§ **Goal of the exercise**
Produce again, without any change, the lines running from the one with "using abs_le_1_plus_power2 by" through the final line of the data below, and only those.

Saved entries
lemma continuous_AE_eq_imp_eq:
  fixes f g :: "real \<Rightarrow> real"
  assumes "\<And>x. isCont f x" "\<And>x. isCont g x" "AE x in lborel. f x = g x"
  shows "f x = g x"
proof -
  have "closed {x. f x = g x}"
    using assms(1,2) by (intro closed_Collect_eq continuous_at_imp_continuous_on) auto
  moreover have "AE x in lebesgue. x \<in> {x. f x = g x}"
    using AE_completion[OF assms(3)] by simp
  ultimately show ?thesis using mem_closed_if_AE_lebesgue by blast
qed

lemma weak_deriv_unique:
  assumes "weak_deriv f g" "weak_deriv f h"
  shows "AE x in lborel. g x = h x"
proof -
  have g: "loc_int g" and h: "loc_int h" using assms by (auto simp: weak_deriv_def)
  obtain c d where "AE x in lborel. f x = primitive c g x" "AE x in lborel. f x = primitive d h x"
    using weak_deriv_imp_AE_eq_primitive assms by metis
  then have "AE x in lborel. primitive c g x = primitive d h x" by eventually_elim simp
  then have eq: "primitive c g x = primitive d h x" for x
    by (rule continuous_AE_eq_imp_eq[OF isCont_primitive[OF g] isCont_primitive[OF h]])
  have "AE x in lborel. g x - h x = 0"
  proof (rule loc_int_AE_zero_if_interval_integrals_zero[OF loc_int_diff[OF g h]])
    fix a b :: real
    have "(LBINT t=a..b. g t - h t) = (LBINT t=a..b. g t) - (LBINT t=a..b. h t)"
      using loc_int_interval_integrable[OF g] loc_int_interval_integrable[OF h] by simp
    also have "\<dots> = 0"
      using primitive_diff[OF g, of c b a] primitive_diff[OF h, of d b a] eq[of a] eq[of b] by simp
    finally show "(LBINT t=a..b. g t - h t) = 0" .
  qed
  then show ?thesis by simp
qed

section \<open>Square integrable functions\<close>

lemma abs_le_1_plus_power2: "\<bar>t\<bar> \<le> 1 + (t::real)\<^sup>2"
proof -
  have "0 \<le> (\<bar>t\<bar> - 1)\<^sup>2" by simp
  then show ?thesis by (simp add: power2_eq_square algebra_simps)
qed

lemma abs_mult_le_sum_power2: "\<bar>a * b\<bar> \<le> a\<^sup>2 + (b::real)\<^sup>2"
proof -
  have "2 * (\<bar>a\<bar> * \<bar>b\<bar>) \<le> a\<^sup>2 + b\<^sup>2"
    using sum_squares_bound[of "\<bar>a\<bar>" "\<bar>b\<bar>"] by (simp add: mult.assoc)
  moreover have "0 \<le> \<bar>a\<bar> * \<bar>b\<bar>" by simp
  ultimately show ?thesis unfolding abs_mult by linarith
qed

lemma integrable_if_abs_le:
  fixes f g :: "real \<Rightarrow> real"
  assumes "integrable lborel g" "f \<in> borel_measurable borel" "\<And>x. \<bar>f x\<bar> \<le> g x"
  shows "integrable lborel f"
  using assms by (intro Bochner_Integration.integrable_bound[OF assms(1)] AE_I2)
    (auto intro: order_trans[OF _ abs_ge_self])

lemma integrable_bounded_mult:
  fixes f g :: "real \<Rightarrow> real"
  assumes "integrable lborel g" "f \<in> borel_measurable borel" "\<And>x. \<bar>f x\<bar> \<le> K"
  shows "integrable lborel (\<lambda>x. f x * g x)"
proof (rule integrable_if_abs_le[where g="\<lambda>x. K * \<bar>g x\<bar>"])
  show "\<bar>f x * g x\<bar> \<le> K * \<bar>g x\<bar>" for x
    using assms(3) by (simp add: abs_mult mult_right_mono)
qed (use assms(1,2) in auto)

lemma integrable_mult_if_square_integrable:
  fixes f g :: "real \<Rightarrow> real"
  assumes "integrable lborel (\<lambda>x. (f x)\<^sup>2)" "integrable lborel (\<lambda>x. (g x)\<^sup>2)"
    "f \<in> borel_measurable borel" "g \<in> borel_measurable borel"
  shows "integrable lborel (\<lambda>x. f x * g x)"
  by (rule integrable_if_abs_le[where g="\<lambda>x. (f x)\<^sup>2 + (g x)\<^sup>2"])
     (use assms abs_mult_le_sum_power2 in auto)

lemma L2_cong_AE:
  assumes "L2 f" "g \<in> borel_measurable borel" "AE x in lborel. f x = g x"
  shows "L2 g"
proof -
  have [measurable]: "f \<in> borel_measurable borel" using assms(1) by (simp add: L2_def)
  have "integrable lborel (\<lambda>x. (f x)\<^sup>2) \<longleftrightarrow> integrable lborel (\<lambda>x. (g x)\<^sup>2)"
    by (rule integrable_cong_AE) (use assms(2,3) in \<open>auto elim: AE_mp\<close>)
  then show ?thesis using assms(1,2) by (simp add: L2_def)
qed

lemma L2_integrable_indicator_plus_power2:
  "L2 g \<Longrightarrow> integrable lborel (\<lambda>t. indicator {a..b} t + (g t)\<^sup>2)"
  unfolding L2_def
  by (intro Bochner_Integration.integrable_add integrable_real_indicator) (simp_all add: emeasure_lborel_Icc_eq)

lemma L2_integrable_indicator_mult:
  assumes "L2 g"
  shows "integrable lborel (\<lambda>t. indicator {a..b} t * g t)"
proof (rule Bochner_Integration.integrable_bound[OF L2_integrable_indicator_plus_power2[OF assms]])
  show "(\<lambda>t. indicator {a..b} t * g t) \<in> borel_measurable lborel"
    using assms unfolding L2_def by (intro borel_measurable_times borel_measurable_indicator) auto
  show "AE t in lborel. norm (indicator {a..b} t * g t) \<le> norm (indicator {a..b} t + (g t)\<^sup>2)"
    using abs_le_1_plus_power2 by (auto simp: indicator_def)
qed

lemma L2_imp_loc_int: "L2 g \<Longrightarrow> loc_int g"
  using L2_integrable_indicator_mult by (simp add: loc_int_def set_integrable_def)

§ **Task solution**
    using abs_le_1_plus_power2 by (auto simp: indicator_def)
qed

lemma L2_imp_loc_int: "L2 g \<Longrightarrow> loc_int g"
  using L2_integrable_indicator_mult by (simp add: loc_int_def set_integrable_def)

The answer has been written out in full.